Als er van een hypofysetumor wordt gesproken gaat het meestal om een adenoom of een craniofaryngeoom. Deze tumoren geven complicaties van de hormoonhuishouding doordat ze zelf hormoon produceren of omdat ze ervoor zorgen dat de hypofyse zijn functie niet goed meer kan uitvoeren. Ook kan er door druk op het chiasma opticum een gezichtsvelddefect ontstaan. De behandeling bestaat enkel uit een transsphenoidale resectie.

 

Hersenmetastasen zijn meestal afkomstig van de long, borst, nier, gastrointestinale tractus of van een melanoom (ezelsbruggetje: pounds en kilos: LBS en KG). Bijna nooit zijn ze afkomstig van de prostaat, oesofagus of andere vormen van huidkanker. Bij obductie wordt bij 50% van de patiënten met kanker één of meerdere metastasen gevonden.
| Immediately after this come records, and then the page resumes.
lemma three_in_list_ordered:
  assumes "x \<in> set xs" "y \<in> set xs" "z \<in> set xs" "x \<noteq> y" "y \<noteq> z" "x \<noteq> z"
  obtains i j k where "i < j" "j < k" "k < length xs" "xs ! i \<in> {x, y, z}" "xs ! j \<in> {x, y, z}"
    "xs ! i \<noteq> xs ! j"
proof -
  obtain a b c where abc: "a < length xs" "xs ! a = x" "b < length xs" "xs ! b = y"
    "c < length xs" "xs ! c = z"
    using assms(1-3) unfolding in_set_conv_nth by blast
  then have "a \<noteq> b" "b \<noteq> c" "a \<noteq> c" using assms(4-6) by auto
  then consider "a < b" "b < c" | "a < c" "c < b" | "b < a" "a < c" | "b < c" "c < a"
    | "c < a" "a < b" | "c < b" "b < a" by linarith
  then show ?thesis
  proof cases
    case 1 show ?thesis using 1 abc assms(4-6) by (intro that[of a b c]) simp_all
  next
    case 2 show ?thesis using 2 abc assms(4-6) by (intro that[of a c b]) simp_all
  next
    case 3 show ?thesis using 3 abc assms(4-6) by (intro that[of b a c]) simp_all
  next
    case 4 show ?thesis using 4 abc assms(4-6) by (intro that[of b c a]) simp_all
  next
    case 5 show ?thesis using 5 abc assms(4-6) by (intro that[of c a b]) simp_all
  next
    case 6 show ?thesis using 6 abc assms(4-6) by (intro that[of c b a]) simp_all
  qed
qed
De eerste presentatie bestaat uit focale uitval, verschijnselen door intracraniële drukverhoging of epilepsie. Ook kan de eerste presentatie acuut zijn als er een bloeding in een metastase is. De MRI is sensitiever dan de CT aangezien de metastasen vaak klein zijn. In meer dan 50% van de gevallen zijn er meer dan één metastasen aanwezig. Ze kleuren ringvormig aan (net als een abces) en er is vaak sprake van oedeem. De overleving is afhankelijk van de primaire tumor. De behandeling is afhankelijk van het aantal metastasen, of er elders in het lichaam metastasen zijn en wat de primaire tumor is. Chirurgische behandeling wordt alleen gedaan als er maar één hersenmetastase is, of er dreigende inklemming bestaat of invaliderende focale uitval. Ook moet de patiënt minstens nog 3 maanden te leven hebben om chirurgie te ondergaan. Bij radiotherapie moet de keuze gemaakt worden tussen het bestralen van de hele schedelinhoud of stereotactische bestraling.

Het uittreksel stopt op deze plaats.